## Brief
Return, word for word, only the lines of the data below that lie between the line with "proof (induction l)" and the line with "using uw_spanned_d[OF Cons]", those two lines included.

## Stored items
-=-=-=-=-

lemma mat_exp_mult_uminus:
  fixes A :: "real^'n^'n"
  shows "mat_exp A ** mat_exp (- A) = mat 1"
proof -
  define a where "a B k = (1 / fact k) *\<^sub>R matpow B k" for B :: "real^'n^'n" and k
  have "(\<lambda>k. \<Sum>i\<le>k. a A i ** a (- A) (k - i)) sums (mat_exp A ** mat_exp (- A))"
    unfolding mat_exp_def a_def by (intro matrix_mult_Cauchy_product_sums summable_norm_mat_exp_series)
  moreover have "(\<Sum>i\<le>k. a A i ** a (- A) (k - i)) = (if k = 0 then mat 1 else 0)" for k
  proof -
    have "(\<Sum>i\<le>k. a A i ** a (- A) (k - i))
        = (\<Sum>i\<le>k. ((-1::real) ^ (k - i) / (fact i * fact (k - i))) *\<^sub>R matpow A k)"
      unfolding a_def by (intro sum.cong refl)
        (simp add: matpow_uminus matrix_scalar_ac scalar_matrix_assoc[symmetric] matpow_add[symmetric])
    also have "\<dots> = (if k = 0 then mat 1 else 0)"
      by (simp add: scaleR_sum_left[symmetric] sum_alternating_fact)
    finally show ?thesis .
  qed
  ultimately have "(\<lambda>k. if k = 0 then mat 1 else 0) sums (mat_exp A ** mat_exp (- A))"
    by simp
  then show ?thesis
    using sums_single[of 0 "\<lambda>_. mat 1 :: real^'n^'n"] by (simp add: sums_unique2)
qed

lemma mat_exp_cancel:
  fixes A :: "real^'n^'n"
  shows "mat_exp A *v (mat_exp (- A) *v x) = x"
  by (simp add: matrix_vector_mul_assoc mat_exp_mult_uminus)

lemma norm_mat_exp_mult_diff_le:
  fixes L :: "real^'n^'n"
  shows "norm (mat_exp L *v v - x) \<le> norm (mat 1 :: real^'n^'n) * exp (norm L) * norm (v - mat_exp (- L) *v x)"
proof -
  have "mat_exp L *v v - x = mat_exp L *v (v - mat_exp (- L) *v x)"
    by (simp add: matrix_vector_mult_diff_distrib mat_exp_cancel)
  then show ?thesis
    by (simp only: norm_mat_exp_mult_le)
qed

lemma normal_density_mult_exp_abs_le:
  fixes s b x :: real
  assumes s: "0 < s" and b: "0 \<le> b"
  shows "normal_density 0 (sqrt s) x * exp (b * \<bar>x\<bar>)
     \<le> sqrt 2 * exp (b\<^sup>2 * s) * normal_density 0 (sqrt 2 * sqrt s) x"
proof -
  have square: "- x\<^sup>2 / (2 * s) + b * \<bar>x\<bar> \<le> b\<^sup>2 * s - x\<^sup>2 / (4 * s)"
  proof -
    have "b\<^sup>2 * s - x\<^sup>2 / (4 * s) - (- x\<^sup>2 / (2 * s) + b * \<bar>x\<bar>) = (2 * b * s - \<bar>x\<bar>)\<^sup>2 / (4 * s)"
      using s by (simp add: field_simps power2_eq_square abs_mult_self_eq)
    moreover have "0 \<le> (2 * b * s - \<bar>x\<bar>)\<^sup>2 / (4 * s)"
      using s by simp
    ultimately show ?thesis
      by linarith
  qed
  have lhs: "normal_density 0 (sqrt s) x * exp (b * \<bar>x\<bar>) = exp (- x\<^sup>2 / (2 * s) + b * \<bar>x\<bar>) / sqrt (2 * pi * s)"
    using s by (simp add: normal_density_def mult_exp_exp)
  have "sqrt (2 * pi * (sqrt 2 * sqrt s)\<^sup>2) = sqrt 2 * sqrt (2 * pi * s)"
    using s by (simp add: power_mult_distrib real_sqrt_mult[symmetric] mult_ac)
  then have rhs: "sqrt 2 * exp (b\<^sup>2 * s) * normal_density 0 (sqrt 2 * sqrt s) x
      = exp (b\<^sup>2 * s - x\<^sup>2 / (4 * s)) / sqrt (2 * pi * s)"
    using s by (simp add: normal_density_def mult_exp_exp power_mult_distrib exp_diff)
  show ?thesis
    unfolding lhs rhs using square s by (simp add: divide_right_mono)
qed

-=-=-=-=-

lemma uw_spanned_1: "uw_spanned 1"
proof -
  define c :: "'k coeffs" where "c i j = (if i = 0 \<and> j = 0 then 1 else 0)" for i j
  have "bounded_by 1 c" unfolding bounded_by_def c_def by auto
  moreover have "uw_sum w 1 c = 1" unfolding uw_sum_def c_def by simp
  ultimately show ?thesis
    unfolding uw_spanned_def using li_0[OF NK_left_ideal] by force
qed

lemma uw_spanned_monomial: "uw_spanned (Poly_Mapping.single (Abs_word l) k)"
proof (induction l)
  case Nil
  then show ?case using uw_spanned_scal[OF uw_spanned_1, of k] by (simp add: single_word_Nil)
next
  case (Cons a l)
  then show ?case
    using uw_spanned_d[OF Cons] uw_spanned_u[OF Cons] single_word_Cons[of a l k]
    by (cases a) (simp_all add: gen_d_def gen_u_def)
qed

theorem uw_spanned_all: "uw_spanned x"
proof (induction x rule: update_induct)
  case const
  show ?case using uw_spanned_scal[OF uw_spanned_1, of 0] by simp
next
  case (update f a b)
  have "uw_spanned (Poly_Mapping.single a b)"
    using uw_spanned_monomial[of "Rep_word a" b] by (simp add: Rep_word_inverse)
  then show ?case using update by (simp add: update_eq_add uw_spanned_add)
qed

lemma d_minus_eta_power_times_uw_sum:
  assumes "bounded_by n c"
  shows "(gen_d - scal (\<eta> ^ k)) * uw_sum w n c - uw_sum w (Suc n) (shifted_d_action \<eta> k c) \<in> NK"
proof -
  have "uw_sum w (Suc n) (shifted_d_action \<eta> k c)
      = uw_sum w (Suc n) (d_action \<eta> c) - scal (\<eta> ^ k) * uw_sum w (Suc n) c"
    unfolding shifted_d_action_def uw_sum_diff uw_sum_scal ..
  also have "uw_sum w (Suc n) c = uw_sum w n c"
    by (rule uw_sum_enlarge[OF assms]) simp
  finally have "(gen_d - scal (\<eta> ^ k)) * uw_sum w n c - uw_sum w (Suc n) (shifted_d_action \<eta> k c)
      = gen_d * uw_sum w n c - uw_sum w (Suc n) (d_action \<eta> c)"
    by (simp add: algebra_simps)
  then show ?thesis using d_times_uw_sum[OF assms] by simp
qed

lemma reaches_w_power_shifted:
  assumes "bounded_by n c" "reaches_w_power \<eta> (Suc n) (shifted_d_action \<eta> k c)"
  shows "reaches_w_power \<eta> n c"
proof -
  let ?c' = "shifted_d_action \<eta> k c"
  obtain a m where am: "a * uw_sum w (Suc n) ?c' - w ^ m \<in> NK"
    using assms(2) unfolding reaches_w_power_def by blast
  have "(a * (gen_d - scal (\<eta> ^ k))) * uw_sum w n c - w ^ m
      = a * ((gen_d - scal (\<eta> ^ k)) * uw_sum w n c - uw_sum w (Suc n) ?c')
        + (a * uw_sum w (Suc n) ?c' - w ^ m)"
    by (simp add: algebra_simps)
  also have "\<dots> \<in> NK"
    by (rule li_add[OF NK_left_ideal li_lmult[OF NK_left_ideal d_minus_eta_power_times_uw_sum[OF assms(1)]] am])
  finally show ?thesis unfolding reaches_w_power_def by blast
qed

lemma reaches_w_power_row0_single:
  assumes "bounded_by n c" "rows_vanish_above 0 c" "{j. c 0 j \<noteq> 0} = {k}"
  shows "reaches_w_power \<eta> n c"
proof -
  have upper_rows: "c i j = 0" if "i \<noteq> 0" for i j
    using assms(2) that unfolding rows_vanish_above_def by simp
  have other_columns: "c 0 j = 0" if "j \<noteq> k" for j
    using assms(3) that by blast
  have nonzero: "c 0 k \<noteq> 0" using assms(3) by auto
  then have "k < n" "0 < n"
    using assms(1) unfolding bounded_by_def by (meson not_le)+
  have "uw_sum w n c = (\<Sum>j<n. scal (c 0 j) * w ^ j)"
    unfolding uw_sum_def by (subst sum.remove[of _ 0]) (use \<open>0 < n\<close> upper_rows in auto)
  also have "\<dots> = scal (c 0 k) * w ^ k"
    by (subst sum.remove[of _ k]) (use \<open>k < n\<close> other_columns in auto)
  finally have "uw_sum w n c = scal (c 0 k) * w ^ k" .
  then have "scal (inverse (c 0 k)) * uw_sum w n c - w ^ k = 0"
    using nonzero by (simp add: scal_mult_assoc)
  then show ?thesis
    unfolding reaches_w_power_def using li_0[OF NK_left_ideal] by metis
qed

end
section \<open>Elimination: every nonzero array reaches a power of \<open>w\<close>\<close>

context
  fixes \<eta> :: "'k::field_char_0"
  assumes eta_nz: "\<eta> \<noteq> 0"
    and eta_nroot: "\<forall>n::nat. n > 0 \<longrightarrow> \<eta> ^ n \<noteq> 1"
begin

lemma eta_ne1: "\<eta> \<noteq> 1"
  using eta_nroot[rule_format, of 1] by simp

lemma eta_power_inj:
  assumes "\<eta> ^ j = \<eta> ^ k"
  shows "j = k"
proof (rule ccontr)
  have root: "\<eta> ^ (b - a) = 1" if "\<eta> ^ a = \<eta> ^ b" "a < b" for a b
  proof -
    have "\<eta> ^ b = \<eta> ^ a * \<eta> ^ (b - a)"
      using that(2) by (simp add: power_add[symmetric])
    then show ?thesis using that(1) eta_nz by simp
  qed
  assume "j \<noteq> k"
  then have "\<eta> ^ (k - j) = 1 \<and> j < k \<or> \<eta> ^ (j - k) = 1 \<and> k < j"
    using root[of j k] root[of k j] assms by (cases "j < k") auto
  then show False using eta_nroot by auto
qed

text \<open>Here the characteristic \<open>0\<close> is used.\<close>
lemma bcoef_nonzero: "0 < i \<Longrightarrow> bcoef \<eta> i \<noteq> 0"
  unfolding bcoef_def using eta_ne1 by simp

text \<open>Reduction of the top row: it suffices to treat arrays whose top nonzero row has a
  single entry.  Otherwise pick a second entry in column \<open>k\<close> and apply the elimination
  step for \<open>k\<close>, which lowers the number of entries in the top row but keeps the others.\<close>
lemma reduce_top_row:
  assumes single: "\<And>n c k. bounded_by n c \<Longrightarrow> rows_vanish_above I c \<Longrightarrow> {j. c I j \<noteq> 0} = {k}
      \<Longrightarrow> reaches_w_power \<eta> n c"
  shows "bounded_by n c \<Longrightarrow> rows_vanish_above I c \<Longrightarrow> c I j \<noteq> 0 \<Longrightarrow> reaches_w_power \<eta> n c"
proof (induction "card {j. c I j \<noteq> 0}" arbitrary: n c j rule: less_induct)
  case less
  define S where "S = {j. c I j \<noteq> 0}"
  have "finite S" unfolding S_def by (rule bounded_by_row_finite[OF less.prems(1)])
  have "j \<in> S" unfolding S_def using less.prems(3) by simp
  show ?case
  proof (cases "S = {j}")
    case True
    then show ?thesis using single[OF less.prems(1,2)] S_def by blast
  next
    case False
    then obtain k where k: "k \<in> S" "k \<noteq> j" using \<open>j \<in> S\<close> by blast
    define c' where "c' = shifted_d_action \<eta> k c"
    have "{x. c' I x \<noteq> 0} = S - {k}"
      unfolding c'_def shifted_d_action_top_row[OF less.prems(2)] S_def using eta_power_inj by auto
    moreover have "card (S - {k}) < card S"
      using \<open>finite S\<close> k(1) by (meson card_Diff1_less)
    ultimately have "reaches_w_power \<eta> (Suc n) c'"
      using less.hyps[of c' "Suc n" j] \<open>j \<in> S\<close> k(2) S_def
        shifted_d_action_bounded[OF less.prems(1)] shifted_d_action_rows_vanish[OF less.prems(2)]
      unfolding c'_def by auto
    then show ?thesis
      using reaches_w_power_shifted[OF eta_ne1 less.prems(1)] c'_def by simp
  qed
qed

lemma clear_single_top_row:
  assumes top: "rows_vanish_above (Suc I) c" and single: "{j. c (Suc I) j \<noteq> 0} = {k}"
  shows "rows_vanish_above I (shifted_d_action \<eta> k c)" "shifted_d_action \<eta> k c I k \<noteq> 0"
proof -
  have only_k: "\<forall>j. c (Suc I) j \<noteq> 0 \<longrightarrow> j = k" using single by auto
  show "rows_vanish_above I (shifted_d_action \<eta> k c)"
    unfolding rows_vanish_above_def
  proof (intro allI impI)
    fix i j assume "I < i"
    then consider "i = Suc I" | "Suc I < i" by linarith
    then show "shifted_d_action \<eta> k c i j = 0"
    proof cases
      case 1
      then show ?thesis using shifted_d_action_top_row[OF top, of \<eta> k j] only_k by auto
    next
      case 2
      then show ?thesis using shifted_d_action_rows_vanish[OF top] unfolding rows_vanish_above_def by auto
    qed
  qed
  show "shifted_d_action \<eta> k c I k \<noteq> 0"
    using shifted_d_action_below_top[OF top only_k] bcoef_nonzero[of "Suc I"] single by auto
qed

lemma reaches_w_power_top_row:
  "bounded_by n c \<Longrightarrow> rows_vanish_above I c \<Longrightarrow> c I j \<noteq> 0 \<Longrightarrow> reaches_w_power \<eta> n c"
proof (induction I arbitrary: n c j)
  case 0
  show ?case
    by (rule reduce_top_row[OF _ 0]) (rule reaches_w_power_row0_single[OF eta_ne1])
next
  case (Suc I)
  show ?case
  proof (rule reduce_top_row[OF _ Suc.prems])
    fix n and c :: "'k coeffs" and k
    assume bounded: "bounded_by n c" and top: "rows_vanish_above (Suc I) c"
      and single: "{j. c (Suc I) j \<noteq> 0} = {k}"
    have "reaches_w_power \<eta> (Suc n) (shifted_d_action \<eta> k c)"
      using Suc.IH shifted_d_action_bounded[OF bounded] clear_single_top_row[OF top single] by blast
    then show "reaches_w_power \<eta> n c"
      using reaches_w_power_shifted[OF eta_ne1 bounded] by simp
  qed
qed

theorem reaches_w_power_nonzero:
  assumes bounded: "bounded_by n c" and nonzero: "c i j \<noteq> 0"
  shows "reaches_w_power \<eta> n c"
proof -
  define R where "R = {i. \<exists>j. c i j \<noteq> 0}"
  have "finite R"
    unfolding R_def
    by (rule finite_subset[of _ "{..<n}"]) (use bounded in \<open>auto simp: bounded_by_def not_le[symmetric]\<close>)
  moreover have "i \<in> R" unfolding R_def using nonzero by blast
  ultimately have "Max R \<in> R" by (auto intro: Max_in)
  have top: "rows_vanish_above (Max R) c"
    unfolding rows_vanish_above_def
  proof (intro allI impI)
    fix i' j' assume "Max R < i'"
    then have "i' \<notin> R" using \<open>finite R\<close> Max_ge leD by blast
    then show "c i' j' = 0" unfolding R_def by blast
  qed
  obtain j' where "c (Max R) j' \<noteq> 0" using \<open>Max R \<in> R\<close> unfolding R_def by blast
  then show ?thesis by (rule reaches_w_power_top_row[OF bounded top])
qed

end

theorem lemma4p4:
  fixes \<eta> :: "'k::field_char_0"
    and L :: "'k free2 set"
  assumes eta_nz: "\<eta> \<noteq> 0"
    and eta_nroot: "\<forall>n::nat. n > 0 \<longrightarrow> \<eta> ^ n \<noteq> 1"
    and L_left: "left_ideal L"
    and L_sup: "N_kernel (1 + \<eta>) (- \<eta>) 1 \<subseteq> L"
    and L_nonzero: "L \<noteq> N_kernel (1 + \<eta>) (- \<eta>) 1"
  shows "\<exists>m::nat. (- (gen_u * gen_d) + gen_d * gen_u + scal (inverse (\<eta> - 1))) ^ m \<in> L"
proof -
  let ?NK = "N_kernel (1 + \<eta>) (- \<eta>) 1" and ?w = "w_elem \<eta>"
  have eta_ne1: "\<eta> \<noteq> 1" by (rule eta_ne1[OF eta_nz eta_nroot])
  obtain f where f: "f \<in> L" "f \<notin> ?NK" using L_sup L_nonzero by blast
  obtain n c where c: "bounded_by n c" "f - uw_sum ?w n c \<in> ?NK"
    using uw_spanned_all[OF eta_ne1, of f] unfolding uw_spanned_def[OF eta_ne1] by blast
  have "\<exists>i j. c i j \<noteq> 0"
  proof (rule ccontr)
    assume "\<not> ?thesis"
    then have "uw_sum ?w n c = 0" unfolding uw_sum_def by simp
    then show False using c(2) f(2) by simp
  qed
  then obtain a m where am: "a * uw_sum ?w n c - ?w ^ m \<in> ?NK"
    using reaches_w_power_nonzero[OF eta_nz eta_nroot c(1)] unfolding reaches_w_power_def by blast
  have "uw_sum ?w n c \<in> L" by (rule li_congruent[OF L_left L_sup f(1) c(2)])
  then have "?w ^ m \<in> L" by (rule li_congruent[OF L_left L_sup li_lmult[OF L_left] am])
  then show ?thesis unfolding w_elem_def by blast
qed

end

-=-=-=-=-

## The completed task
proof (induction l)
  case Nil
  then show ?case using uw_spanned_scal[OF uw_spanned_1, of k] by (simp add: single_word_Nil)
next
  case (Cons a l)
  then show ?case
    using uw_spanned_d[OF Cons] uw_spanned_u[OF Cons] single_word_Cons[of a l k]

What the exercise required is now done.